Information given:
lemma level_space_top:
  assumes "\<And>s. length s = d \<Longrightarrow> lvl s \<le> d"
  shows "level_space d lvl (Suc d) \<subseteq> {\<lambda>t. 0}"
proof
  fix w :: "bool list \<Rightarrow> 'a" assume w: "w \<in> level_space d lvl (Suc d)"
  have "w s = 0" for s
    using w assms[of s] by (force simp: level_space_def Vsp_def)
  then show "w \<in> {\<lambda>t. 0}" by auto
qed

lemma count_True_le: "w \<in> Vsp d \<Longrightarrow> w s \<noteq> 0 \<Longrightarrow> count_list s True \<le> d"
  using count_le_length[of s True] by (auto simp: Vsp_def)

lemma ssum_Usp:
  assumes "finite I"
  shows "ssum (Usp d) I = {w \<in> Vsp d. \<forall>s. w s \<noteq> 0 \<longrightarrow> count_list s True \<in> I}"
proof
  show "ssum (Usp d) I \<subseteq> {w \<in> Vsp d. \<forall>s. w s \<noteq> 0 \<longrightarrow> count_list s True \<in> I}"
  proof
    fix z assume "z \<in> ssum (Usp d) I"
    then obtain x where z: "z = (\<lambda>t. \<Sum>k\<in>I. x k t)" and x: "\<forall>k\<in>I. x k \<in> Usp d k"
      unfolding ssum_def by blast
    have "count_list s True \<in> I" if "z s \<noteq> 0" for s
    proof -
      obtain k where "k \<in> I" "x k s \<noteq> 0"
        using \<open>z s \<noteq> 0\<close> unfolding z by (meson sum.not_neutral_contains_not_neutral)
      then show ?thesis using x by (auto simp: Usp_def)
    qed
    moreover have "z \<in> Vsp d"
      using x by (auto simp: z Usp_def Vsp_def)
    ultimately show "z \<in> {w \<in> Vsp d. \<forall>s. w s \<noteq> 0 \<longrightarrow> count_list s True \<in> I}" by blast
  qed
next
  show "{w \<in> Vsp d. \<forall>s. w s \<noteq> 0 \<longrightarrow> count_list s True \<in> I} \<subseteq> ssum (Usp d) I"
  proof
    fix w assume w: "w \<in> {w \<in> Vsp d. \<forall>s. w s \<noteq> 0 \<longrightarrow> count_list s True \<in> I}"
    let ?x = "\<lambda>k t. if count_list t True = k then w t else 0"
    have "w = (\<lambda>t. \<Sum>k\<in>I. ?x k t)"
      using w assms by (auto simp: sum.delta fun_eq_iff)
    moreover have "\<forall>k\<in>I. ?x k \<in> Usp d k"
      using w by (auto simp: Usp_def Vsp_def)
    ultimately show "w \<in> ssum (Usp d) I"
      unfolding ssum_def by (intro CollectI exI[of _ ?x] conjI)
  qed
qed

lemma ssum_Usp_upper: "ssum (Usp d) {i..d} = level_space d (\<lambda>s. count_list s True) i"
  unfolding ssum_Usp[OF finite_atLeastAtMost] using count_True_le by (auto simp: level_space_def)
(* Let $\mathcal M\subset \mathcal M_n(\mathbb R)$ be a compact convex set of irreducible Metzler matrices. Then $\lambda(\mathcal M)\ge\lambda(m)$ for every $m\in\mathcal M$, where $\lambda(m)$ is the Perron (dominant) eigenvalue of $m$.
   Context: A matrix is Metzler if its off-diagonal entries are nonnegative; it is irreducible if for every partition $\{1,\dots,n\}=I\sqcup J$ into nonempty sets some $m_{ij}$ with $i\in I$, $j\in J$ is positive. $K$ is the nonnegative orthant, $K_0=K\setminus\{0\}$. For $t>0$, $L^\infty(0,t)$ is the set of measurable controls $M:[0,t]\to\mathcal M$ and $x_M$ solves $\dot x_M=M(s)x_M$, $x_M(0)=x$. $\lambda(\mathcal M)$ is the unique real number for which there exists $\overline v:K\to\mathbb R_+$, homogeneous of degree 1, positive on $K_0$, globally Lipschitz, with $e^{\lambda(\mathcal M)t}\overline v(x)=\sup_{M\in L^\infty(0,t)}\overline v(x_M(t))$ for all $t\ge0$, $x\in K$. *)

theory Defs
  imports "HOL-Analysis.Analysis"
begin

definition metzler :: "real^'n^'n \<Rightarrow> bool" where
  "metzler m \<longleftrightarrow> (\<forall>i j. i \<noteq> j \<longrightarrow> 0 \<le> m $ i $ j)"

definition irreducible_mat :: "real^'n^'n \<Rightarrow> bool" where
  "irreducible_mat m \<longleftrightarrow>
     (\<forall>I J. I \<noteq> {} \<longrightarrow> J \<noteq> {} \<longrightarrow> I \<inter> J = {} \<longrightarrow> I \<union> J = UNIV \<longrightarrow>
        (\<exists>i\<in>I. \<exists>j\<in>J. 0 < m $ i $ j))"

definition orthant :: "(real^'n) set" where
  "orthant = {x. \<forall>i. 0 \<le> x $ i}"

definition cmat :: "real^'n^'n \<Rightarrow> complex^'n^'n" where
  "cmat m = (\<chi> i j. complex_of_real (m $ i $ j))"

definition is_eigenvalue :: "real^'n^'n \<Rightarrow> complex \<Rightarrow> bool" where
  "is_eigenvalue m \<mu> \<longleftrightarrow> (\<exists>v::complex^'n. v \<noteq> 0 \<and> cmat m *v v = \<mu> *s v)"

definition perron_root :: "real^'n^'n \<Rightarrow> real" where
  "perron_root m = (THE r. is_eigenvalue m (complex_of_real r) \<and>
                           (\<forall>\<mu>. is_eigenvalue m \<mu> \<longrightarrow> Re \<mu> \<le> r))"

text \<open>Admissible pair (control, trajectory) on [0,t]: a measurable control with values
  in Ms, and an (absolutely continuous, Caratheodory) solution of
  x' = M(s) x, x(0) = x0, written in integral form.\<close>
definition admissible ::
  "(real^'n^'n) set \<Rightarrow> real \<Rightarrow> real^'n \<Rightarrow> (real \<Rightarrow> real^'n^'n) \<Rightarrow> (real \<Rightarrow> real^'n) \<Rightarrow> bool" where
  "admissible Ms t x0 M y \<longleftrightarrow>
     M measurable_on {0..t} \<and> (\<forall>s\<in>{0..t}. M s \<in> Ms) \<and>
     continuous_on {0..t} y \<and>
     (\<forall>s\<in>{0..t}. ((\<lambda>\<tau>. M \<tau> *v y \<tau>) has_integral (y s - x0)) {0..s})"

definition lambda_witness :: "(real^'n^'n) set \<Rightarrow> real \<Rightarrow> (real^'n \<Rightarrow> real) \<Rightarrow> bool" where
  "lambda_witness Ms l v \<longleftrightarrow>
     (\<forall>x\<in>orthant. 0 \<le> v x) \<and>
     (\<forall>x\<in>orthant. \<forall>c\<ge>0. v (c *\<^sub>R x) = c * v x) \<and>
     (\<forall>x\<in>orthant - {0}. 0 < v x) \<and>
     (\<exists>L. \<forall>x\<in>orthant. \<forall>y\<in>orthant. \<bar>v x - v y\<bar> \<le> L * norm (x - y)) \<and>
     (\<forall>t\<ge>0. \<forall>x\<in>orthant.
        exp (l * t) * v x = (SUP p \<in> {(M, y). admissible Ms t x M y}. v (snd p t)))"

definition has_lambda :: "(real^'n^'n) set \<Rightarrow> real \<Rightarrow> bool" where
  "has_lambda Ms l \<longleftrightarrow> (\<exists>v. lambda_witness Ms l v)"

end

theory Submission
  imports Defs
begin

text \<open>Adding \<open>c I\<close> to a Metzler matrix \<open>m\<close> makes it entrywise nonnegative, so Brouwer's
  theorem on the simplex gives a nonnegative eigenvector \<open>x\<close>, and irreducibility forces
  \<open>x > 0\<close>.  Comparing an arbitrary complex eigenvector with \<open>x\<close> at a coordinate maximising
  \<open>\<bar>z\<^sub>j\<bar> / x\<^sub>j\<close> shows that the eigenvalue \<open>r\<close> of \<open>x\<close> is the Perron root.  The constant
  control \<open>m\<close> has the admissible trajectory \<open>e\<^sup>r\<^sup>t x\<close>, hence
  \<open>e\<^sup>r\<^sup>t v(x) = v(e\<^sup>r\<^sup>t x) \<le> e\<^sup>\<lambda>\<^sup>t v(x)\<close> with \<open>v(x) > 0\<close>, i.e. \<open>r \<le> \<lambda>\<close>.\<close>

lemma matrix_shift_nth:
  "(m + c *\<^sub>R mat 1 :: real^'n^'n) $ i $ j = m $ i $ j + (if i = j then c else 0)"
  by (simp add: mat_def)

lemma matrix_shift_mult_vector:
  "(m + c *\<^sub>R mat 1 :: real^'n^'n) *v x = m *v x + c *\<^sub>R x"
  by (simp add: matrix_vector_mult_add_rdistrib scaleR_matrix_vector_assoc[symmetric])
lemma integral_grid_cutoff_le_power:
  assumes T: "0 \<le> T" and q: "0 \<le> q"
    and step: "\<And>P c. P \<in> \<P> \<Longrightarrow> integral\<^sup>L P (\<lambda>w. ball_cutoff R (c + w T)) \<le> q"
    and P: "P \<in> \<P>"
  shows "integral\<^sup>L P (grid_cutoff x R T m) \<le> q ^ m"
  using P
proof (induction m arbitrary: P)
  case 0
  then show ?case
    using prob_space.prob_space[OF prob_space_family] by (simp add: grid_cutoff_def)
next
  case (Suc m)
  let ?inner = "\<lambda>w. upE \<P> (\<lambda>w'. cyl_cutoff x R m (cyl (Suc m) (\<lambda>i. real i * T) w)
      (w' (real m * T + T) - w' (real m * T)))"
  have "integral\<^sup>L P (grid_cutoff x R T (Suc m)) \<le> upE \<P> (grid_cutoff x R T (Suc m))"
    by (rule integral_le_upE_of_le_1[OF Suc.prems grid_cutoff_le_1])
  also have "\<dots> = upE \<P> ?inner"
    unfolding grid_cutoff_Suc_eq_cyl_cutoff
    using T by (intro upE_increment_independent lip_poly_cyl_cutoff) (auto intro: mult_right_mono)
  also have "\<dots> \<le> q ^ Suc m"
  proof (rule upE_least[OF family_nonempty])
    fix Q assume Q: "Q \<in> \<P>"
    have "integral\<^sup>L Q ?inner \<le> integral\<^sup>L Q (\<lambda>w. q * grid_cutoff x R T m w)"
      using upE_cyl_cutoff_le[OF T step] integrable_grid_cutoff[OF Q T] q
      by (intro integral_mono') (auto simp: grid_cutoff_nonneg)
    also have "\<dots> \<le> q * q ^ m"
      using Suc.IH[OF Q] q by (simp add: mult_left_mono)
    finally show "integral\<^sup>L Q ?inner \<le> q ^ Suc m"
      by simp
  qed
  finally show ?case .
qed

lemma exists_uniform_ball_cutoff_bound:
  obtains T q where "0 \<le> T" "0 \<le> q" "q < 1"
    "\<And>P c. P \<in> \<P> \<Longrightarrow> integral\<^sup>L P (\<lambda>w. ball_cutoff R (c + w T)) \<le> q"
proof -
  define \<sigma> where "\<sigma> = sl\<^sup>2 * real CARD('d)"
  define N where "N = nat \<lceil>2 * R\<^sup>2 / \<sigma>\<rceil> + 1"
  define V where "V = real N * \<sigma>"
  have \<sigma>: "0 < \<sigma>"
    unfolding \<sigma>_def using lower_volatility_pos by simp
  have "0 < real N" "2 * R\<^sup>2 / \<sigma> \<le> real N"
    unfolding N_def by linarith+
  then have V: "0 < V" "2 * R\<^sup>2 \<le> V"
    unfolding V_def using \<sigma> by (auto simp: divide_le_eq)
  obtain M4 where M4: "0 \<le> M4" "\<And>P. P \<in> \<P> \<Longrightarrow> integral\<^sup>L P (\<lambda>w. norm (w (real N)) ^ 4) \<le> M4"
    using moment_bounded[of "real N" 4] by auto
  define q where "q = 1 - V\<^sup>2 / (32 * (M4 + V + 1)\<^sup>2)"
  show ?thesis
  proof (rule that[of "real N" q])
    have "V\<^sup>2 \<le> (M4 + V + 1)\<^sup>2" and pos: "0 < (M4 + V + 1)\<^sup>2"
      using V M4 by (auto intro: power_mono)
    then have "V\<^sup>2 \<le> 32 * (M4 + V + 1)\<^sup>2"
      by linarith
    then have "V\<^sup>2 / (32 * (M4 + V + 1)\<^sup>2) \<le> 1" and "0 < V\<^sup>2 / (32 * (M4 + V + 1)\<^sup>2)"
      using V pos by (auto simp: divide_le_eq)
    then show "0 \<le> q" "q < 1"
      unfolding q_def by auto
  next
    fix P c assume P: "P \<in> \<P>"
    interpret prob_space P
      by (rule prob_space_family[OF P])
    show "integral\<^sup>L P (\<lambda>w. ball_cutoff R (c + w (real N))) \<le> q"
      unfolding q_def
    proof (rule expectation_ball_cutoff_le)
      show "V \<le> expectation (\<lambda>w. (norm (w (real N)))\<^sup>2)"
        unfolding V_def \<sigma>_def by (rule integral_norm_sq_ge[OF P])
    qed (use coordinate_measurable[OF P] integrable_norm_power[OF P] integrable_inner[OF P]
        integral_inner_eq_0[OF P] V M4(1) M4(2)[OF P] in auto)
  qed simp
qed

What to do: Write out, from the lines above, only those from the line with "using w assms by" to the line with "(* Let $\mathcal", exactly as given, including the first and the last.

Task answer:
      using w assms by (auto simp: sum.delta fun_eq_iff)
    moreover have "\<forall>k\<in>I. ?x k \<in> Usp d k"
      using w by (auto simp: Usp_def Vsp_def)
    ultimately show "w \<in> ssum (Usp d) I"
      unfolding ssum_def by (intro CollectI exI[of _ ?x] conjI)
  qed
qed

lemma ssum_Usp_upper: "ssum (Usp d) {i..d} = level_space d (\<lambda>s. count_list s True) i"
  unfolding ssum_Usp[OF finite_atLeastAtMost] using count_True_le by (auto simp: level_space_def)
(* Let $\mathcal M\subset \mathcal M_n(\mathbb R)$ be a compact convex set of irreducible Metzler matrices. Then $\lambda(\mathcal M)\ge\lambda(m)$ for every $m\in\mathcal M$, where $\lambda(m)$ is the Perron (dominant) eigenvalue of $m$.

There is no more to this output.